◆ What you should do ◆
Below are the entries. Transcribe exactly the lines from the one with "then show ?thesis using X by linarith" through the one with "l\<^sup>2 \<le> 54", ends included, and leave out all others.

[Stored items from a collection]
══════════

(* Write V-hat(pi) for the plug-in value sum_i P1_(pi(0),i) Rh_(pi(i),i). Then
   V(pi) - V-hat(pi) = sum_i (P - P1)_(pi(0),i) R_i(pi(i)) + sum_i P1_(pi(0),i) (R - Rh)_(pi(i),i).
   Since rewards lie in [0,1], the first sum is at most the l1 error of row pi(0), i.e. eta' by E4.
   By E5 the second is at most sum_i P1_(pi(0),i) eta-hat_i = sqrt(27 log(2TN)/T) times the
   pi(0)-th entry of P1 M^(1/2) (P1^T f)^(-1/2), hence at most sqrt(27 log(2TN) lambda-hat / T).
   Both radii are O(sqrt(max(lambda-hat, m0/p+) log(NT)/T)). The argument works for every policy
   and every feasible f. *)

lemma finite_acts: "finite (acts n)"
proof -
  have "{Do j b | j b. j \<in> {1..n}} = (\<lambda>(j, b). Do j b) ` ({1..n} \<times> UNIV)" by auto
  then show ?thesis unfolding acts_def by simp
qed

lemma p_plus_pos:
  assumes "a \<in> acts n" "i \<in> {1..k}" "P a i > 0"
  shows "p_plus n k P > 0"
proof -
  let ?S = "{P a i | a i. a \<in> acts n \<and> i \<in> {1..k} \<and> P a i > 0}"
  have "?S \<subseteq> (\<lambda>(a, i). P a i) ` (acts n \<times> {1..k})" by auto
  then have "finite ?S" by (rule finite_subset) (simp add: finite_acts)
  moreover have "?S \<noteq> {}" using assms by blast
  ultimately show ?thesis unfolding p_plus_def by (subst Min_gr_iff) auto
qed

lemma lam_norm_ge_row:
  assumes "a \<in> acts n"
  shows "\<bar>\<Sum>i=1..k. P a i * sqrt (real (mh i)) * inv_sqrt (PTf n P f i)\<bar> \<le> lam_norm n k P mh f"
  unfolding lam_norm_def using assms finite_acts by (intro Max_ge) auto

lemma lam_norm_nonneg: "0 \<le> lam_norm n k P mh f"
proof -
  have "Obs \<in> acts n" by (simp add: acts_def)
  from lam_norm_ge_row[OF this] show ?thesis by (rule order_trans[OF abs_ge_zero])
qed

lemma pol_value_diff:
  "pol_value k P r a pol - pol_value k P' r' a pol
     = (\<Sum>i=1..k. (P a i - P' a i) * r i (pol i)) + (\<Sum>i=1..k. P' a i * (r i (pol i) - r' i (pol i)))"
  unfolding pol_value_def sum.distrib[symmetric] sum_subtractf[symmetric]
  by (rule sum.cong) (simp_all add: algebra_simps)

lemma sum_diff_mult_le_l1_dist:
  fixes p p' r :: "'a \<Rightarrow> real"
  assumes "\<And>i. i \<in> I \<Longrightarrow> 0 \<le> r i \<and> r i \<le> 1"
  shows "(\<Sum>i\<in>I. (p i - p' i) * r i) \<le> (\<Sum>i\<in>I. \<bar>p' i - p i\<bar>)"
proof (rule sum_mono)
  fix i assume "i \<in> I"
  then have "(p i - p' i) * r i \<le> \<bar>p i - p' i\<bar> * r i" "\<bar>p i - p' i\<bar> * r i \<le> \<bar>p i - p' i\<bar>"
    using assms by (auto intro: mult_right_mono simp: mult_left_le)
  then show "(p i - p' i) * r i \<le> \<bar>p' i - p i\<bar>" by simp
qed

lemma weighted_error_le_lam_norm:
  assumes feas: "feasible_f n k P f" and a: "a \<in> acts n"
    and P_nonneg: "\<forall>i\<in>{1..k}. 0 \<le> P a i" and c: "0 \<le> c"
    and err: "\<forall>i\<in>{1..k}. PTf n P f i > 0 \<longrightarrow> \<bar>e i\<bar> \<le> sqrt (c * real (mh i) / PTf n P f i)"
  shows "(\<Sum>i=1..k. P a i * e i) \<le> sqrt c * lam_norm n k P mh f"
proof -
  define g where "g i = P a i * sqrt (real (mh i)) * inv_sqrt (PTf n P f i)" for i
  have term_le: "P a i * e i \<le> sqrt c * g i" if i: "i \<in> {1..k}" for i
  proof (cases "PTf n P f i > 0")
    case True
    have "P a i * e i \<le> P a i * sqrt (c * real (mh i) / PTf n P f i)"
      using P_nonneg err True i by (intro mult_left_mono) auto
    also have "\<dots> = sqrt c * g i"
      using True by (simp add: g_def inv_sqrt_def real_sqrt_mult real_sqrt_divide)
    finally show ?thesis .
  next
    case False
    \<comment> \<open>feasibility makes column i of P vanish, so the infinite radius there does no harm\<close>
    then have "P a i = 0" using feas a i unfolding feasible_f_def by auto
    then show ?thesis using False by (simp add: g_def inv_sqrt_def)
  qed
  have "(\<Sum>i=1..k. P a i * e i) \<le> sqrt c * (\<Sum>i=1..k. g i)"
    unfolding sum_distrib_left using term_le by (rule sum_mono)
  also have "\<dots> \<le> sqrt c * lam_norm n k P mh f"
    using lam_norm_ge_row[OF a, where k = k and P = P and mh = mh and f = f] c
    by (intro mult_left_mono) (auto simp: g_def)
  finally show ?thesis .
qed

lemma sqrt_mult_le_of_le_square:
  fixes c d x :: real
  assumes "0 \<le> x" "c \<le> d\<^sup>2" "0 \<le> d"
  shows "sqrt (c * x) \<le> d * sqrt x"
proof -
  have "sqrt (c * x) \<le> sqrt (d\<^sup>2 * x)" using assms by (intro real_sqrt_le_mono mult_right_mono)
  also have "\<dots> = d * sqrt x" using assms by (simp add: real_sqrt_mult)
  finally show ?thesis .
qed

lemma ln_two_mult_le:
  fixes x :: real
  assumes "2 \<le> x"
  shows "ln (2 * x) \<le> 2 * ln x"
proof -
  have "2 * x \<le> x ^ 2" using assms by (simp add: power2_eq_square mult_right_mono)
  then have "ln (2 * x) \<le> ln (x ^ 2)" using assms by simp
  also have "\<dots> = 2 * ln x" using assms by (simp add: ln_realpow)
  finally show ?thesis .
qed

lemma transition_radius_le_rate:
  fixes T k N m pp lam :: real
  assumes pp: "0 < pp" and T: "1 \<le> T" and k: "1 \<le> k" and N: "3 \<le> N" and m: "0 \<le> m"
  shows "sqrt (150 * m / (T * pp) * ln (3 * T / k))
           \<le> 13 * sqrt (max lam (m / pp) * ln (N * T) / T)"
proof -
  define X where "X = max lam (m / pp) * ln (N * T) / T"
  have NT: "3 \<le> N * T" using mult_mono[OF N T] N by simp
  then have lnNT: "0 \<le> ln (N * T)" by simp
  have X: "0 \<le> X" unfolding X_def using pp m lnNT T by (auto simp: le_max_iff_disj)
  have "150 * m / (T * pp) * ln (3 * T / k) \<le> 150 * X"
  proof (cases "0 \<le> ln (3 * T / k)")
    case True
    have "3 * T / k \<le> 3 * T" using k T by (simp add: divide_le_eq)
    also have "\<dots> \<le> N * T" using N T by simp
    finally have "ln (3 * T / k) \<le> ln (N * T)" using T k NT by (subst ln_le_cancel_iff) auto
    moreover have "m / pp \<le> max lam (m / pp)" by simp
    ultimately have "m / pp * ln (3 * T / k) \<le> max lam (m / pp) * ln (N * T)"
      using True pp m by (intro mult_mono) (auto simp: le_max_iff_disj)
    then have "150 * (m / pp * ln (3 * T / k)) / T \<le> 150 * (max lam (m / pp) * ln (N * T)) / T"
      using T by (intro divide_right_mono) auto
    then show ?thesis unfolding X_def by (simp add: field_simps)
  next
    case False
    have "150 * m / (T * pp) * ln (3 * T / k) \<le> 0"
      using False pp m T by (intro mult_nonneg_nonpos) auto
    then show ?thesis using X by linarith
  qed
  then have "sqrt (150 * m / (T * pp) * ln (3 * T / k)) \<le> sqrt (150 * X)" by simp
  also have "\<dots> \<le> 13 * sqrt X" using X by (intro sqrt_mult_le_of_le_square) auto
  finally show ?thesis unfolding X_def .
qed

lemma reward_radius_le_rate:
  fixes T N l mu :: real
  assumes T: "1 \<le> T" and N: "3 \<le> N" and l: "0 \<le> l"
  shows "sqrt (27 * ln (2 * T * N) / T) * l \<le> 8 * sqrt (max (l\<^sup>2) mu * ln (N * T) / T)"
proof -
  define X where "X = max (l\<^sup>2) mu * ln (N * T) / T"
  have NT: "2 \<le> N * T" using mult_mono[OF N T] N by simp
  then have lnNT: "0 \<le> ln (N * T)" by simp
  have X: "0 \<le> X" unfolding X_def using lnNT T by (auto simp: le_max_iff_disj)
  have "ln (2 * T * N) \<le> 2 * ln (N * T)"
    using ln_two_mult_le[OF NT] by (simp add: mult_ac)
  moreover have "0 \<le> ln (2 * T * N)" using NT by (simp add: mult_ac)
  ultimately have "27 * ln (2 * T * N) * l\<^sup>2 \<le> 27 * (2 * ln (N * T)) * max (l\<^sup>2) mu"
    using lnNT by (intro mult_mono) auto
  then have radicand_le: "27 * ln (2 * T * N) / T * l\<^sup>2 \<le> 54 * X"
    unfolding X_def using T by (simp add: field_simps)
  have "sqrt (27 * ln (2 * T * N) / T) * l = sqrt (27 * ln (2 * T * N) / T * l\<^sup>2)"
    using l by (simp only: real_sqrt_mult real_sqrt_abs abs_of_nonneg)
  also have "\<dots> \<le> sqrt (54 * X)" using radicand_le by simp
  also have "\<dots> \<le> 8 * sqrt X" using X by (intro sqrt_mult_le_of_le_square) auto
  finally show ?thesis unfolding X_def .
qed

lemma policy_value_le_estimate:
  fixes n k T m0 :: nat
  assumes n: "1 \<le> n" and k: "1 \<le> k" and T: "0 < T"
    and P_stoch: "\<forall>a\<in>acts n. (\<forall>i\<in>{1..k}. 0 \<le> P a i) \<and> (\<Sum>i=1..k. P a i) = 1"
    and R_range: "\<forall>i\<in>{1..k}. \<forall>b\<in>acts n. 0 \<le> R i b \<and> R i b \<le> 1"
    and P1_nonneg: "\<forall>a\<in>acts n. \<forall>i\<in>{1..k}. 0 \<le> P1 a i"
    and feas: "feasible_f n k P1 f"
    and policy: "is_policy n k a0 pol"
    and E4: "\<forall>a\<in>acts n. (\<Sum>i=1..k. \<bar>P1 a i - P a i\<bar>)
          \<le> sqrt (150 * real m0 / (real T * p_plus n k P) * ln (3 * real T / real k))"
    and E5: "\<forall>i\<in>{1..k}. PTf n P1 f i > 0 \<longrightarrow> (\<forall>b\<in>acts n.
          \<bar>R i b - Rh b i\<bar> \<le> sqrt (27 * real (mh i) / (real T * PTf n P1 f i)
                                     * ln (2 * real T * real (2 * n + 1))))"
  shows "pol_value k P R a0 pol
        \<le> pol_value k P1 (\<lambda>i b. Rh b i) a0 pol
           + 21 * sqrt (max ((lam_norm n k P1 mh f)\<^sup>2) (real m0 / p_plus n k P)
                        * ln (real (2 * n + 1) * real T) / real T)"
proof -
  define X where "X = max ((lam_norm n k P1 mh f)\<^sup>2) (real m0 / p_plus n k P)
                        * ln (real (2 * n + 1) * real T) / real T"
  define L where "L = ln (2 * real T * real (2 * n + 1))"
  have a0: "a0 \<in> acts n" and pol: "\<forall>i\<in>{1..k}. pol i \<in> acts n"
    using policy unfolding is_policy_def by auto
  have N: "3 \<le> real (2 * n + 1)" and T1: "1 \<le> real T" using n T by auto
  have "\<exists>i\<in>{1..k}. P a0 i > 0"
  proof (rule ccontr)
    assume "\<not> ?thesis"
    then have "(\<Sum>i=1..k. P a0 i) \<le> 0" by (intro sum_nonpos) (auto simp: not_less)
    then show False using P_stoch a0 by simp
  qed
  then have pp: "p_plus n k P > 0" using a0 p_plus_pos by blast
  have "(\<Sum>i=1..k. (P a0 i - P1 a0 i) * R i (pol i)) \<le> (\<Sum>i=1..k. \<bar>P1 a0 i - P a0 i\<bar>)"
    using R_range pol by (intro sum_diff_mult_le_l1_dist) auto
  also have "\<dots> \<le> sqrt (150 * real m0 / (real T * p_plus n k P) * ln (3 * real T / real k))"
    using E4 a0 by blast
  also have "\<dots> \<le> 13 * sqrt X"
    unfolding X_def using k by (intro transition_radius_le_rate[OF pp T1 _ N]) auto
  finally have transition_error: "(\<Sum>i=1..k. (P a0 i - P1 a0 i) * R i (pol i)) \<le> 13 * sqrt X" .
  have radius_eq: "27 * real (mh i) / (real T * p) * L = 27 * L / real T * real (mh i) / p" for i p
    by (simp add: field_simps)
  have "1 \<le> real T * real (2 * n + 1)" using mult_mono[OF T1 N] by simp
  then have "L \<ge> 0" unfolding L_def by (simp add: mult.assoc)
  moreover have "\<forall>i\<in>{1..k}. 0 < PTf n P1 f i \<longrightarrow>
      \<bar>R i (pol i) - Rh (pol i) i\<bar> \<le> sqrt (27 * L / real T * real (mh i) / PTf n P1 f i)"
    using E5[folded L_def, unfolded radius_eq] pol by blast
  ultimately have "(\<Sum>i=1..k. P1 a0 i * (R i (pol i) - Rh (pol i) i))
      \<le> sqrt (27 * L / real T) * lam_norm n k P1 mh f"
    using P1_nonneg a0 by (intro weighted_error_le_lam_norm[OF feas a0]) auto
  also have "\<dots> \<le> 8 * sqrt X"
    unfolding L_def X_def by (rule reward_radius_le_rate[OF T1 N lam_norm_nonneg])
  finally have reward_error: "(\<Sum>i=1..k. P1 a0 i * (R i (pol i) - Rh (pol i) i)) \<le> 8 * sqrt X" .
  show ?thesis
    using pol_value_diff[of k P R a0 pol P1 "\<lambda>i b. Rh b i"] transition_error reward_error
    unfolding X_def by linarith
qed

theorem lemma1:
  shows "\<exists>C>0. \<forall>(n::nat) (k::nat) (T::nat) (q::nat \<Rightarrow> nat \<Rightarrow> real)
      (P::interv \<Rightarrow> nat \<Rightarrow> real) (R::nat \<Rightarrow> interv \<Rightarrow> real)
      (P1::interv \<Rightarrow> nat \<Rightarrow> real) (P3::interv \<Rightarrow> nat \<Rightarrow> real) (P5::interv \<Rightarrow> nat \<Rightarrow> real)
      (mh0::nat) (mh3::nat \<Rightarrow> nat) (mh5::nat \<Rightarrow> nat) (Rh::interv \<Rightarrow> nat \<Rightarrow> real)
      (fstar::interv \<Rightarrow> real) (a0::interv) (pol::nat \<Rightarrow> interv).
    let N = 2 * n + 1; m = (\<lambda>i. causal_m n (q i)); pp = p_plus n k P;
        lam = (lam_norm n k P1 mh3 fstar)\<^sup>2 in
    ( n \<ge> 1 \<and> k \<ge> 1 \<and> T > 0
    \<and> (\<forall>i\<in>{0..k}. \<forall>j\<in>{1..n}. 0 \<le> q i j \<and> q i j \<le> 1)
    \<and> (\<forall>a\<in>acts n. (\<forall>i\<in>{1..k}. 0 \<le> P a i) \<and> (\<Sum>i=1..k. P a i) = 1)
    \<and> (\<forall>i\<in>{1..k}. \<forall>b\<in>acts n. 0 \<le> R i b \<and> R i b \<le> 1)
    \<and> (\<forall>Pe\<in>{P1, P3, P5}. \<forall>a\<in>acts n. \<forall>i\<in>{1..k}. 0 \<le> Pe a i \<and> Pe a i \<le> 1)
    \<and> (\<forall>i\<in>{1..k}. \<forall>b\<in>acts n. 0 \<le> Rh b i \<and> Rh b i \<le> 1)
    \<and> feasible_f n k P1 fstar
    \<and> (\<forall>f. feasible_f n k P1 f \<longrightarrow> lam_norm n k P1 mh3 fstar \<le> lam_norm n k P1 mh3 f)
    \<and> is_optimal n k P R a0 pol
    \<comment> \<open>E1\<close>
    \<and> (\<forall>Pe\<in>{P1, P3, P5}. \<forall>a\<in>acts n. (\<Sum>i=1..k. \<bar>Pe a i - P a i\<bar>) \<le> pp / 3)
    \<comment> \<open>E2\<close>
    \<and> 2/3 * real (m 0) \<le> real mh0 \<and> real mh0 \<le> 2 * real (m 0)
    \<comment> \<open>E3\<close>
    \<and> (\<forall>mh\<in>{mh3, mh5}. \<forall>i\<in>{1..k}. 2/3 * real (m i) \<le> real (mh i) \<and> real (mh i) \<le> 2 * real (m i))
    \<comment> \<open>E4\<close>
    \<and> (\<forall>a\<in>acts n. (\<Sum>i=1..k. \<bar>P1 a i - P a i\<bar>)
          \<le> sqrt (150 * real (m 0) / (real T * pp) * ln (3 * real T / real k)))
    \<comment> \<open>E5 (vacuous where (P1^T fstar)_i = 0, i.e. where the radius is infinite)\<close>
    \<and> (\<forall>i\<in>{1..k}. PTf n P1 fstar i > 0 \<longrightarrow> (\<forall>b\<in>acts n.
          \<bar>R i b - Rh b i\<bar> \<le> sqrt (27 * real (mh3 i) / (real T * PTf n P1 fstar i)
                                     * ln (2 * real T * real N))))
    \<longrightarrow> pol_value k P R a0 pol
        \<le> pol_value k P1 (\<lambda>i b. Rh b i) a0 pol
           + C * sqrt (max lam (real (m 0) / pp) * ln (real N * real T) / real T))"
  unfolding Let_def is_optimal_def
  by (intro exI[of _ 21] conjI allI impI)
     (simp, elim conjE, (rule policy_value_le_estimate; (assumption | blast)))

══════════

◆ Answer box ◆
    then show ?thesis using X by linarith
  qed
  then have "sqrt (150 * m / (T * pp) * ln (3 * T / k)) \<le> sqrt (150 * X)" by simp
  also have "\<dots> \<le> 13 * sqrt X" using X by (intro sqrt_mult_le_of_le_square) auto
  finally show ?thesis unfolding X_def .
qed

lemma reward_radius_le_rate:
  fixes T N l mu :: real
  assumes T: "1 \<le> T" and N: "3 \<le> N" and l: "0 \<le> l"
  shows "sqrt (27 * ln (2 * T * N) / T) * l \<le> 8 * sqrt (max (l\<^sup>2) mu * ln (N * T) / T)"
proof -
  define X where "X = max (l\<^sup>2) mu * ln (N * T) / T"
  have NT: "2 \<le> N * T" using mult_mono[OF N T] N by simp
  then have lnNT: "0 \<le> ln (N * T)" by simp
  have X: "0 \<le> X" unfolding X_def using lnNT T by (auto simp: le_max_iff_disj)
  have "ln (2 * T * N) \<le> 2 * ln (N * T)"
    using ln_two_mult_le[OF NT] by (simp add: mult_ac)
  moreover have "0 \<le> ln (2 * T * N)" using NT by (simp add: mult_ac)
  ultimately have "27 * ln (2 * T * N) * l\<^sup>2 \<le> 27 * (2 * ln (N * T)) * max (l\<^sup>2) mu"
    using lnNT by (intro mult_mono) auto
  then have radicand_le: "27 * ln (2 * T * N) / T * l\<^sup>2 \<le> 54 * X"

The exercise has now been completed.